In this case, we must first decide whether the notice of deficiency was sent to petitioner's last known address, for if it was, actual receipt of the notice is not required. Sec. 6212(b)(1); Frieling v. Commissioner [Dec. 40,284], 81 T.C. 42, 48-49 (1983). Based on the record, we think it is clear that the notice of deficiency, sent on July 5, 1988 to the Crestline Drive address, was not sent to petitioner's last known address.
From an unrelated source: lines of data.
text \<open>The absence of point derivations at \<open>x\<^sub>0\<close> means that every \<open>f\<close> with
  \<open>x\<^sub>0(f) = 0\<close> is a finite sum of products \<open>g h\<close> with \<open>x\<^sub>0(g) = x\<^sub>0(h) = 0\<close>. Hence
  \<open>|y(f) - x\<^sub>0(f)| \<le> C\<^sub>f \<parallel>y - x\<^sub>0\<parallel>\<^sup>2\<close> for all characters \<open>y\<close>, and the uniform boundedness
  principle makes \<open>C\<^sub>f\<close> uniform, so \<open>\<parallel>y - x\<^sub>0\<parallel> \<le> K \<parallel>y - x\<^sub>0\<parallel>\<^sup>2\<close>: the point \<open>x\<^sub>0\<close> is isolated in
  \<open>X\<close> for the norm of the dual space.

  Since \<open>T\<close> is a Riesz operator, some power \<open>T\<^sup>n\<close> is within \<open>\<delta>\<close> of a compact operator \<open>K\<close>,
  and the image of the unit ball under \<open>K\<close> has a finite \<open>\<delta>\<close>-net \<open>F\<close>. The images
  \<open>\<phi>\<^sub>j(X)\<close> are decreasing compact sets shrinking to \<open>{x\<^sub>0}\<close>, so for large \<open>j\<close> every
  \<open>z \<in> \<phi>\<^sub>j(X)\<close> is \<open>\<delta>\<close>-close to \<open>x\<^sub>0\<close> on \<open>F\<close>. Then \<open>\<parallel>\<phi>\<^sub>n(z) - x\<^sub>0\<parallel> = \<parallel>(z - x\<^sub>0) \<circ> T\<^sup>n\<parallel> \<le> 5\<delta>\<close>,
  which for small \<open>\<delta>\<close> forces \<open>\<phi>\<^sub>n\<^sub>+\<^sub>j = x\<^sub>0\<close> on \<open>X\<close>; semisimplicity turns this into
  \<open>T\<^sup>n\<^sup>+\<^sup>j f = f(x\<^sub>0) 1\<close>.\<close>

lemma one_minus_mult_suminf_power:
  fixes u :: "'a::{real_normed_algebra_1,banach}"
  assumes "norm u < 1"
  shows "(1 - u) * (\<Sum>n. u ^ n) = 1"
proof -
  have s: "summable (\<lambda>n. u ^ n)" by (rule complete_algebra_summable_geometric[OF assms])
  have "u * (\<Sum>n. u ^ n) = (\<Sum>n. u ^ Suc n)" using suminf_mult[OF s, of u] by simp
  also have "\<dots> = (\<Sum>n. u ^ n) - 1" using suminf_split_head[OF s] by simp
  finally show ?thesis by (simp add: algebra_simps)
qed

lemma less_of_root_less:
  fixes a \<delta> :: real
  assumes "n \<ge> 1" "0 < \<delta>" "\<delta> \<le> 1" "root n a < \<delta>"
  shows "a < \<delta>"
proof (cases "a \<le> 0")
  case False
  have r1: "root n a \<le> 1" using assms(3,4) by linarith
  have "a = root n a ^ n" using False assms(1) by simp
  also have "\<dots> \<le> root n a ^ 1" using False r1 assms(1) by (intro power_decreasing) auto
  also have "\<dots> < \<delta>" using assms(4) by simp
  finally show ?thesis .
qed (use assms in simp)

lemma bounded_linear_funpow:
  fixes T :: "'a::real_normed_vector \<Rightarrow> 'a"
  assumes "bounded_linear T"
  shows "bounded_linear (T ^^ n)"
proof (induction n)
  case 0
  then show ?case by (simp add: id_def bounded_linear_ident)
next
  case (Suc n)
  then show ?case using bounded_linear_compose[OF assms Suc] by (simp add: o_def)
qed

lemma onorm_le_of_unit_ball:
  assumes f: "bounded_linear f" and "0 \<le> b" and unit: "\<And>x. norm x \<le> 1 \<Longrightarrow> norm (f x) \<le> b"
  shows "onorm f \<le> b"
proof (rule onorm_bound[OF \<open>0 \<le> b\<close>])
  interpret f: bounded_linear f by (fact f)
  fix x
  show "norm (f x) \<le> b * norm x"
  proof (cases "x = 0")
    case False
    have "norm (f (x /\<^sub>R norm x)) \<le> b" using False by (intro unit) simp
    then have "inverse (norm x) * norm (f x) \<le> b" by (simp add: f.scaleR)
    then show ?thesis using False by (simp add: field_simps)
  qed (simp add: f.zero)
qed

lemma onorm_compose_le_of_net:
  fixes L :: "'b::real_normed_vector \<Rightarrow> 'c::real_normed_vector"
    and S K :: "'a::real_normed_vector \<Rightarrow> 'b"
  assumes L: "bounded_linear L" and S: "bounded_linear S" and K: "bounded_linear K"
    and LM: "onorm L \<le> M"
    and SK: "onorm (\<lambda>x. S x - K x) \<le> \<delta>"
    and net: "K ` cball 0 1 \<subseteq> (\<Union>h\<in>F. ball h \<delta>)"
    and small: "\<And>h. h \<in> F \<Longrightarrow> norm (L h) \<le> \<delta>"
  shows "onorm (L \<circ> S) \<le> (1 + 2 * M) * \<delta>"
proof (rule onorm_le_of_unit_ball)
  interpret L: bounded_linear L by (fact L)
  have SK_bl: "bounded_linear (\<lambda>x. S x - K x)" using S K by (rule bounded_linear_sub)
  have \<delta>0: "0 \<le> \<delta>" using onorm_pos_le[OF SK_bl] SK by linarith
  have M0: "0 \<le> M" using onorm_pos_le[OF L] LM by linarith
  show "bounded_linear (L \<circ> S)" unfolding o_def using L S by (rule bounded_linear_compose)
  show "0 \<le> (1 + 2 * M) * \<delta>" using \<delta>0 M0 by simp
  fix x :: 'a
  assume x1: "norm x \<le> 1"
  then obtain h where h: "h \<in> F" "dist h (K x) < \<delta>" using net by fastforce
  have decomp: "L (S x) = L h + L (K x - h) + L (S x - K x)" by (simp add: L.add[symmetric])
  have "norm (L (K x - h)) \<le> M * \<delta>"
  proof -
    have "norm (L (K x - h)) \<le> onorm L * norm (K x - h)" by (rule onorm[OF L])
    also have "\<dots> \<le> M * \<delta>"
      using h(2) LM M0 by (intro mult_mono) (auto simp: dist_norm norm_minus_commute)
    finally show ?thesis .
  qed
  moreover have "norm (L (S x - K x)) \<le> M * \<delta>"
  proof -
    have SKx: "norm (S x - K x) \<le> \<delta> * norm x"
      using onorm[OF SK_bl, of x] mult_right_mono[OF SK norm_ge_zero[of x]] by linarith
    have "norm (L (S x - K x)) \<le> onorm L * norm (S x - K x)" by (rule onorm[OF L])
    also have "\<dots> \<le> M * (\<delta> * norm x)" using LM SKx M0 by (intro mult_mono) auto
    also have "\<dots> \<le> M * \<delta>" using x1 \<delta>0 M0 by (intro mult_left_mono mult_left_le) auto
    finally show ?thesis .
  qed
  moreover have "norm (L (S x)) \<le> norm (L h) + norm (L (K x - h)) + norm (L (S x - K x))"
    unfolding decomp by (rule order_trans[OF norm_triangle_ineq add_right_mono[OF norm_triangle_ineq]])
  ultimately have "norm (L (S x)) \<le> \<delta> + M * \<delta> + M * \<delta>" using small[OF h(1)] by linarith
  then show "norm ((L \<circ> S) x) \<le> (1 + 2 * M) * \<delta>" by (simp add: algebra_simps)
qed

lemma compact_imp_closed_fun:
  fixes S :: "('a \<Rightarrow> 'b::metric_space) set"
  assumes "compact S"
  shows "closed S"
proof -
  have "Hausdorff_space (product_topology (\<lambda>_::'a. euclidean :: 'b topology) UNIV)"
    by (simp add: Hausdorff_space_product_topology)
  then have "Hausdorff_space (euclidean :: ('a \<Rightarrow> 'b) topology)"
    by (simp only: euclidean_product_topology)
  moreover have "compactin euclidean S" using assms by simp
  ultimately have "closedin euclidean S" by (rule compactin_imp_closedin)
  then show ?thesis using closed_closedin by blast
qed

lemma compact_decseq_subset_open:
  fixes C :: "nat \<Rightarrow> 'a::topological_space set"
  assumes "compact (C 0)" "\<And>n. closed (C n)" "decseq C" "open U" "(\<Inter>n. C n) \<subseteq> U"
  shows "\<exists>n. C n \<subseteq> U"
proof -
  have cover: "C 0 \<subseteq> (\<Union>n. U \<union> - C n)" using assms(5) by blast
  have "open (U \<union> - C n)" for n using assms(2,4) by (simp add: open_Un open_Compl)
  then obtain M where M: "M \<subseteq> UNIV" "finite M" "C 0 \<subseteq> (\<Union>n\<in>M. U \<union> - C n)"
    by (rule compactE_image[OF assms(1), of UNIV "\<lambda>n. U \<union> - C n"]) (use cover in auto)
  define m where "m = Max (insert 0 M)"
  have "C m \<subseteq> U"
  proof
    fix x assume x: "x \<in> C m"
    then have "x \<in> C 0" using decseqD[OF assms(3), of 0 m] by blast
    then obtain n where "n \<in> M" "x \<in> U \<union> - C n" using M(3) by blast
    moreover have "C m \<subseteq> C n"
      using M(2) \<open>n \<in> M\<close> by (intro decseqD[OF assms(3)]) (simp add: m_def)
    ultimately show "x \<in> U" using x by blast
  qed
  then show ?thesis ..
qed

section \<open>Uniform boundedness principle\<close>

lemma closed_cover_contains_ball:
  fixes G :: "nat \<Rightarrow> 'a::complete_space set"
  assumes closed: "\<And>n. closed (G n)" and cover: "(\<Union>n. G n) = UNIV"
  obtains n a r where "r > 0" "ball a r \<subseteq> G n"
proof -
  have "\<exists>n. euclidean interior_of G n \<noteq> {}"
  proof (rule ccontr)
    assume "\<nexists>n. euclidean interior_of G n \<noteq> {}"
    then have "euclidean interior_of \<Union>(range G) = {}"
      by (intro Baire_category_alt)
        (auto simp: completely_metrizable_space_euclidean closed_closedin[symmetric] closed)
    then show False using cover by simp
  qed
  then obtain n a where "a \<in> interior (G n)" by (auto simp: interior_of_def interior_def)
  then show ?thesis using that by (meson mem_interior)
qed

lemma linear_bound_of_ball:
  fixes F :: "'a::real_normed_vector \<Rightarrow> 'b::real_normed_vector"
  assumes "linear F" "r > 0" and bound: "\<And>z. z \<in> ball a r \<Longrightarrow> norm (F z) \<le> M"
  shows "norm (F x) \<le> 4 * M / r * norm x"
proof (cases "x = 0")
  case True
  then show ?thesis using linear_0[OF assms(1)] by simp
next
  case False
  define c where "c = r / (2 * norm x)"
  have c0: "c > 0" using False assms(2) by (simp add: c_def)
  have "dist a (a + c *\<^sub>R x) = r / 2" using False assms(2) by (simp add: c_def dist_norm)
  then have "norm (F (a + c *\<^sub>R x)) \<le> M" "norm (F a) \<le> M"
    using assms(2) by (auto intro!: bound)
  then have "norm (F (a + c *\<^sub>R x) - F a) \<le> 2 * M" by (smt (verit) norm_triangle_ineq4)
  moreover have "F (a + c *\<^sub>R x) - F a = c *\<^sub>R F x"
    using linear_add[OF assms(1)] linear_scale[OF assms(1)] by simp
  ultimately have "c * norm (F x) \<le> 2 * M" using c0 by simp
  then show ?thesis using c0 False assms(2) by (simp add: c_def field_simps abs_of_pos)
qed

lemma uniform_boundedness:
  fixes F :: "'i \<Rightarrow> 'a::banach \<Rightarrow> 'b::real_normed_vector"
  assumes bl: "\<And>i. i \<in> I \<Longrightarrow> bounded_linear (F i)"
    and pointwise: "\<And>x. \<exists>C. \<forall>i\<in>I. norm (F i x) \<le> C"
  shows "\<exists>K. \<forall>i\<in>I. \<forall>x. norm (F i x) \<le> K * norm x"
proof -
  define G where "G n = (\<Inter>i\<in>I. {x. norm (F i x) \<le> real n})" for n :: nat
  have "closed {x. norm (F i x) \<le> real n}" if "i \<in> I" for i n
    using bl[OF that] by (intro closed_Collect_le continuous_on_norm continuous_on_const linear_continuous_on) auto
  then have "closed (G n)" for n unfolding G_def by blast
  moreover have "(\<Union>n. G n) = UNIV"
  proof safe
    fix x :: 'a
    obtain C where "\<forall>i\<in>I. norm (F i x) \<le> C" using pointwise by blast
    moreover obtain n :: nat where "C \<le> real n" using real_arch_simple by blast
    ultimately have "x \<in> G n" unfolding G_def by force
    then show "x \<in> (\<Union>n. G n)" by blast
  qed simp
  ultimately obtain n a r where "r > 0" "ball a r \<subseteq> G n" by (rule closed_cover_contains_ball)
  then have "norm (F i x) \<le> 4 * real n / r * norm x" if "i \<in> I" for i x
    using bl[OF that] that
    by (intro linear_bound_of_ball) (auto simp: G_def bounded_linear.linear)
  then show ?thesis by blast
qed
The parties have failed to enlighten this Court as to the address petitioner listed on his most recently filed return prior to the issuance of the notice of deficiency. Nevertheless, the evidence does show that petitioner notified respondent on at least four occasions that Crestridge Circle was his correct address. Two of the times he notified respondent that he had the wrong address in his computer. Yet, respondent failed to take any corrective action. As we stated in Frieling v. Commissioner, 81 T.C. at 49:

Once respondent becomes aware of a change in address, he must exercise reasonable care and diligence in ascertaining and mailing the notice of deficiency to the correct address.

Had respondent exercised the necessary care, the notice of deficiency would have been sent to Crestridge Circle rather than Crestline Drive.

However, as stated above, even where the notice of deficiency is not sent to the "last known address," it is nevertheless effective from the date of mailing when the taxpayer receives it with sufficient time remaining to file a petition with this Court. Petitioner actually received the notice of deficiency during the week of July 25, 1988, no more than 24 days after respondent mailed it. Consequently, he had a minimum of 66 days in which to file a timely petition with this Court. That he may not have had copies of his 1982 return is no excuse for not filing on time. A copy of the return for the year in issue is not a prerequisite for filing a petition in this Court. See Rule 34.

It is clear that petitioner received actual notice of the deficiency with ample time remaining to file a timely petition. Since he did not do so, we must grant respondent's motion, deny petitioner's motion, and dismiss this case for lack of jurisdiction.

To reflect the foregoing,

An appropriate order will be entered.